[Dataset entries]
┄┄┄┄┄┄┄┄┄┄┄┄┄┄┄┄┄┄┄┄
lemma Tm10_comb_eq_0_iff:
  assumes "0 < r" "r < CARD('k) - 1" "n \<ge> 1"
  shows "Tm10_comb \<O> pi red r (PiE {..<n} (\<lambda>_. UNIV)) (\<lambda>\<mu>. \<Prod>j<n. \<mu> j ^ i j)
        (\<lambda>\<mu>. M2 (pi ^ (n - 1)) (tsum (n - 1) \<mu>) 0 1 \<cdot> M2 1 (tlift (\<mu> (n - 1))) 0 1 \<cdot> wmat) = (\<lambda>_. 0)
     \<longleftrightarrow> (\<forall>m0 t0::'k. (\<Sum>m\<in>UNIV. m ^ i (n - 1) * (1 - t0 * (m - m0)) ^ (CARD('k) - 1 - r)) = 0)"
proof -
  have eq: "Tm10_comb \<O> pi red r (PiE {..<n} (\<lambda>_. UNIV)) (\<lambda>\<mu>. \<Prod>j<n. \<mu> j ^ i j)
        (\<lambda>\<mu>. M2 (pi ^ (n - 1)) (tsum (n - 1) \<mu>) 0 1 \<cdot> M2 1 (tlift (\<mu> (n - 1))) 0 1 \<cdot> wmat) =
     (\<lambda>x. \<Sum>\<mu>\<in>PiE {..<n} (\<lambda>_. UNIV). (\<Prod>j<n. \<mu> j ^ i j) * (\<Sum>t\<in>UNIV. bracket \<O> pi red r (Tm10_matrix n \<mu> t) x))"
    unfolding Tm10_comb_def Tm10_matrix_def ..
  show ?thesis unfolding eq
    by (rule hecke_image_eq_0_iff[where H = "Tm10_matrix n" and R = "Tm10_transition n",
          OF assms(3) Tm10_matrix_mmul_transition[OF assms(3)] det2_Tm10_transition
          det2_Tm10_matrix[OF assms(3)] Tm10_fiber_sum[OF assms(3,1,2)]])
qed

end

theorem lemma3p6:
  fixes \<O> :: "'a::field_char_0 set" and pi :: 'a and red :: "'a \<Rightarrow> 'k::{field,finite}"
    and p f r n :: nat and i :: "nat \<Rightarrow> nat"
  assumes F: "padic_setup \<O> pi red p f"
    and r: "0 < r" "r < CARD('k) - 1"
    and n: "n \<ge> 1"
    and i: "\<forall>j<n. i j \<le> CARD('k) - 1"
  shows
    "(T12_comb \<O> pi red r (PiE {..<n} (\<lambda>_. UNIV))
        (\<lambda>mu. \<Prod>j<n. mu j ^ i j)
        (\<lambda>mu. M2 (pi ^ n) (teich_sum \<O> pi red n mu) 0 1) = (\<lambda>_. 0)
      \<longleftrightarrow> (i (n - 1) \<le> CARD('k) - 2 - r \<or>
           (i (n - 1) > CARD('k) - 1 - r \<and>
            (\<exists>j. j + 1 < f \<and> digit p (i (n - 1)) j < p - 1 - digit p r j))))
   \<and>
    (Tm10_comb \<O> pi red r (PiE {..<n} (\<lambda>_. UNIV))
        (\<lambda>mu. \<Prod>j<n. mu j ^ i j)
        (\<lambda>mu. M2 (pi ^ (n - 1)) (teich_sum \<O> pi red (n - 1) mu) 0 1
              \<cdot> M2 1 (teich \<O> red (mu (n - 1))) 0 1 \<cdot> wmat) = (\<lambda>_. 0)
      \<longleftrightarrow> (i (n - 1) \<le> r - 1 \<or>
           (i (n - 1) > r \<and> (\<exists>j. j + 1 < f \<and> digit p (i (n - 1)) j < digit p r j))))"
proof -
  interpret padic_field \<O> pi red p f by (rule padic_field.intro[OF F])
  have i_last: "i (n - 1) \<le> CARD('k) - 1" using i n by simp
  have r': "CARD('k) - 1 - r < CARD('k) - 1" using r by simp
  note vanish = character_sum_vanishes_iff_digits[OF card_residue_field prime_p _ i_last]
  show ?thesis
    unfolding T12_comb_eq_0_iff[OF r(1) n] Tm10_comb_eq_0_iff[OF r n] vanish[OF r(2)] vanish[OF r']
    using digit_sum_condition_iff[of r p f "i (n - 1)"] complement_digit_sum_condition_iff[of r p f "i (n - 1)"]
      r i_last card_residue_field by simp
qed

end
┄┄┄┄┄┄┄┄┄┄┄┄┄┄┄┄┄┄┄┄
▸ Exercise description
The data above needs to be repeated exactly, line for line.

▸ Response area
lemma Tm10_comb_eq_0_iff:
  assumes "0 < r" "r < CARD('k) - 1" "n \<ge> 1"
  shows "Tm10_comb \<O> pi red r (PiE {..<n} (\<lambda>_. UNIV)) (\<lambda>\<mu>. \<Prod>j<n. \<mu> j ^ i j)
        (\<lambda>\<mu>. M2 (pi ^ (n - 1)) (tsum (n - 1) \<mu>) 0 1 \<cdot> M2 1 (tlift (\<mu> (n - 1))) 0 1 \<cdot> wmat) = (\<lambda>_. 0)
     \<longleftrightarrow> (\<forall>m0 t0::'k. (\<Sum>m\<in>UNIV. m ^ i (n - 1) * (1 - t0 * (m - m0)) ^ (CARD('k) - 1 - r)) = 0)"
proof -
  have eq: "Tm10_comb \<O> pi red r (PiE {..<n} (\<lambda>_. UNIV)) (\<lambda>\<mu>. \<Prod>j<n. \<mu> j ^ i j)
        (\<lambda>\<mu>. M2 (pi ^ (n - 1)) (tsum (n - 1) \<mu>) 0 1 \<cdot> M2 1 (tlift (\<mu> (n - 1))) 0 1 \<cdot> wmat) =
     (\<lambda>x. \<Sum>\<mu>\<in>PiE {..<n} (\<lambda>_. UNIV). (\<Prod>j<n. \<mu> j ^ i j) * (\<Sum>t\<in>UNIV. bracket \<O> pi red r (Tm10_matrix n \<mu> t) x))"
    unfolding Tm10_comb_def Tm10_matrix_def ..
  show ?thesis unfolding eq
    by (rule hecke_image_eq_0_iff[where H = "Tm10_matrix n" and R = "Tm10_transition n",
          OF assms(3) Tm10_matrix_mmul_transition[OF assms(3)] det2_Tm10_transition
          det2_Tm10_matrix[OF assms(3)] Tm10_fiber_sum[OF assms(3,1,2)]])
qed

end

theorem lemma3p6:
  fixes \<O> :: "'a::field_char_0 set" and pi :: 'a and red :: "'a \<Rightarrow> 'k::{field,finite}"
    and p f r n :: nat and i :: "nat \<Rightarrow> nat"
  assumes F: "padic_setup \<O> pi red p f"
    and r: "0 < r" "r < CARD('k) - 1"
    and n: "n \<ge> 1"
    and i: "\<forall>j<n. i j \<le> CARD('k) - 1"
  shows
    "(T12_comb \<O> pi red r (PiE {..<n} (\<lambda>_. UNIV))
        (\<lambda>mu. \<Prod>j<n. mu j ^ i j)
        (\<lambda>mu. M2 (pi ^ n) (teich_sum \<O> pi red n mu) 0 1) = (\<lambda>_. 0)
      \<longleftrightarrow> (i (n - 1) \<le> CARD('k) - 2 - r \<or>
           (i (n - 1) > CARD('k) - 1 - r \<and>
            (\<exists>j. j + 1 < f \<and> digit p (i (n - 1)) j < p - 1 - digit p r j))))
   \<and>
    (Tm10_comb \<O> pi red r (PiE {..<n} (\<lambda>_. UNIV))
        (\<lambda>mu. \<Prod>j<n. mu j ^ i j)
        (\<lambda>mu. M2 (pi ^ (n - 1)) (teich_sum \<O> pi red (n - 1) mu) 0 1
              \<cdot> M2 1 (teich \<O> red (mu (n - 1))) 0 1 \<cdot> wmat) = (\<lambda>_. 0)
      \<longleftrightarrow> (i (n - 1) \<le> r - 1 \<or>
           (i (n - 1) > r \<and> (\<exists>j. j + 1 < f \<and> digit p (i (n - 1)) j < digit p r j))))"
proof -
  interpret padic_field \<O> pi red p f by (rule padic_field.intro[OF F])
  have i_last: "i (n - 1) \<le> CARD('k) - 1" using i n by simp
  have r': "CARD('k) - 1 - r < CARD('k) - 1" using r by simp
  note vanish = character_sum_vanishes_iff_digits[OF card_residue_field prime_p _ i_last]
  show ?thesis
    unfolding T12_comb_eq_0_iff[OF r(1) n] Tm10_comb_eq_0_iff[OF r n] vanish[OF r(2)] vanish[OF r']
    using digit_sum_condition_iff[of r p f "i (n - 1)"] complement_digit_sum_condition_iff[of r p f "i (n - 1)"]
      r i_last card_residue_field by simp
qed

end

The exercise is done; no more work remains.